● **RECORDS FOR THIS EXERCISE**:
──────────
(* Let $A$ be an irreducible $\{0,1\}$-matrix which is not a permutation matrix, and let $\mathcal{C}$ be a right Markov code for $(X_A,\sigma_A)$. Then the matrix $A(\mathcal{C})$ is irreducible and is not a permutation matrix.
   Context: For an $N\times N$ matrix $A$ with entries in $\{0,1\}$, $\Sigma_A=\{1,\dots,N\}$, $X_A$ is the set of sequences $(x_n)_{n\in\mathbb{N}}$ in $\Sigma_A$ with $A(x_n,x_{n+1})=1$ for all $n$, with shift $\sigma_A$. $B_k(X_A)$ is the set of admissible words of length $k$, $B_*(X_A)$ the union over $k\ge0$ (including the empty word). For a word $w=w_1\cdots w_\ell$, $\sigma_A(w)=w_2\cdots w_\ell$. A code is a nonempty $\mathcal{C}\subset B_*(X_A)$ such that any equality of concatenations $\omega(i_1)\cdots\omega(i_k)=\omega(j_1)\cdots\omega(j_n)$ of words of $\mathcal{C}$ forces $n=k$ and $\omega(i_m)=\omega(j_m)$ for all $m$; a prefix code is a code in which no word is a prefix of another. A finite prefix code $\mathcal{C}=\{\omega(1),\dots,\omega(M)\}\subset B_*(X_A)$, $\Sigma_{A(\mathcal{C})}=\{1,\dots,M\}$, is a right Markov code for $(X_A,\sigma_A)$ if: (i) for every $\gamma\in B_*(X_A)$ there is $\eta\in B_*(X_A)$ with $\gamma\eta\in B_*(X_A)$ and a unique finite sequence $(i_1,\dots,i_k)$ in $\Sigma_{A(\mathcal{C})}$ with $\gamma\eta=\omega(i_1)\cdots\omega(i_k)$; (ii) there is $L\in\mathbb{N}$ such that for all $i_1,\dots,i_L$ with $\omega(i_1)\cdots\omega(i_L)\in B_*(X_A)$ there exist $j_1,\dots,j_k\in\Sigma_{A(\mathcal{C})}$ with $\sigma_A(\omega(i_1))\omega(i_2)\cdots\omega(i_L)=\omega(j_1)\cdots\omega(j_k)$; (iii) for every $i,j$ there are $n_1,\dots,n_l$ with $\omega(i)\omega(n_1)\cdots\omega(n_l)\omega(j)\in B_*(X_A)$. $A(\mathcal{C})$ is the $M\times M$ $\{0,1\}$-matrix with $A(\mathcal{C})(i,j)=A(r(\omega(i)),s(\omega(j)))$, where $s(\omega(i))$, $r(\omega(i))$ are the first and last symbols of $\omega(i)$; equivalently $A(\mathcal{C})(i,j)=1$ iff $\omega(i)\omega(j)\in B_*(X_A)$. *)

theory Defs
  imports Main "HOL-Library.Sublist"
begin

text \<open>Matrices are indexed by symbols 1..N, represented as functions nat => nat => nat.\<close>

definition zero_one_matrix :: "nat \<Rightarrow> (nat \<Rightarrow> nat \<Rightarrow> nat) \<Rightarrow> bool" where
  "zero_one_matrix N A \<longleftrightarrow> (\<forall>i\<in>{1..N}. \<forall>j\<in>{1..N}. A i j \<in> {0,1})"

fun mat_pow :: "nat \<Rightarrow> (nat \<Rightarrow> nat \<Rightarrow> nat) \<Rightarrow> nat \<Rightarrow> nat \<Rightarrow> nat \<Rightarrow> nat" where
  "mat_pow N A 0 i j = (if i = j then 1 else 0)"
| "mat_pow N A (Suc n) i j = (\<Sum>k\<in>{1..N}. mat_pow N A n i k * A k j)"

definition irreducible_mat :: "nat \<Rightarrow> (nat \<Rightarrow> nat \<Rightarrow> nat) \<Rightarrow> bool" where
  "irreducible_mat N A \<longleftrightarrow>
     (\<forall>i\<in>{1..N}. \<forall>j\<in>{1..N}. \<exists>n\<ge>1. mat_pow N A n i j > 0)"

definition permutation_mat :: "nat \<Rightarrow> (nat \<Rightarrow> nat \<Rightarrow> nat) \<Rightarrow> bool" where
  "permutation_mat N A \<longleftrightarrow> zero_one_matrix N A \<and>
     (\<forall>i\<in>{1..N}. card {j\<in>{1..N}. A i j = 1} = 1) \<and>
     (\<forall>j\<in>{1..N}. card {i\<in>{1..N}. A i j = 1} = 1)"

definition X_A :: "nat \<Rightarrow> (nat \<Rightarrow> nat \<Rightarrow> nat) \<Rightarrow> (nat \<Rightarrow> nat) set" where
  "X_A N A = {x. (\<forall>n. x n \<in> {1..N}) \<and> (\<forall>n. A (x n) (x (Suc n)) = 1)}"

definition B_star :: "nat \<Rightarrow> (nat \<Rightarrow> nat \<Rightarrow> nat) \<Rightarrow> nat list set" where
  "B_star N A = {w. \<exists>x\<in>X_A N A. \<exists>m. w = map x [m..<m + length w]}"

definition is_code :: "nat list set \<Rightarrow> bool" where
  "is_code C \<longleftrightarrow> C \<noteq> {} \<and>
     (\<forall>us vs. set us \<subseteq> C \<longrightarrow> set vs \<subseteq> C \<longrightarrow> concat us = concat vs \<longrightarrow> us = vs)"

definition is_prefix_code :: "nat list set \<Rightarrow> bool" where
  "is_prefix_code C \<longleftrightarrow> is_code C \<and> (\<forall>u\<in>C. \<forall>v\<in>C. u \<noteq> v \<longrightarrow> \<not> prefix u v)"

text \<open>A right Markov code given as an enumeration omega(1),...,omega(M) of a finite prefix code.\<close>
definition right_markov_code ::
  "nat \<Rightarrow> (nat \<Rightarrow> nat \<Rightarrow> nat) \<Rightarrow> nat \<Rightarrow> (nat \<Rightarrow> nat list) \<Rightarrow> bool" where
  "right_markov_code N A M \<omega> \<longleftrightarrow>
     M \<ge> 1 \<and> inj_on \<omega> {1..M} \<and> \<omega> ` {1..M} \<subseteq> B_star N A \<and>
     is_prefix_code (\<omega> ` {1..M}) \<and>
     (\<forall>\<gamma>\<in>B_star N A. \<exists>\<eta>\<in>B_star N A. \<gamma> @ \<eta> \<in> B_star N A \<and>
        (\<exists>!is. set is \<subseteq> {1..M} \<and> \<gamma> @ \<eta> = concat (map \<omega> is))) \<and>
     (\<exists>L::nat. L \<ge> 1 \<and> (\<forall>is. length is = L \<longrightarrow> set is \<subseteq> {1..M} \<longrightarrow>
        concat (map \<omega> is) \<in> B_star N A \<longrightarrow>
        (\<exists>js. set js \<subseteq> {1..M} \<and>
           tl (\<omega> (hd is)) @ concat (map \<omega> (tl is)) = concat (map \<omega> js)))) \<and>
     (\<forall>i\<in>{1..M}. \<forall>j\<in>{1..M}. \<exists>ns. set ns \<subseteq> {1..M} \<and>
        \<omega> i @ concat (map \<omega> ns) @ \<omega> j \<in> B_star N A)"

text \<open>The matrix A(C): A(C)(i,j) = A(r(omega i), s(omega j)).\<close>
definition code_matrix :: "(nat \<Rightarrow> nat \<Rightarrow> nat) \<Rightarrow> (nat \<Rightarrow> nat list) \<Rightarrow> nat \<Rightarrow> nat \<Rightarrow> nat" where
  "code_matrix A \<omega> i j = A (last (\<omega> i)) (hd (\<omega> j))"

end

theory Submission
  imports Defs
begin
──────────
● **EXERCISE OBJECTIVE**: For every line above that has "card" in it, copy the line.

● **RESULT**:
     (\<forall>i\<in>{1..N}. card {j\<in>{1..N}. A i j = 1} = 1) \<and>
     (\<forall>j\<in>{1..N}. card {i\<in>{1..N}. A i j = 1} = 1)"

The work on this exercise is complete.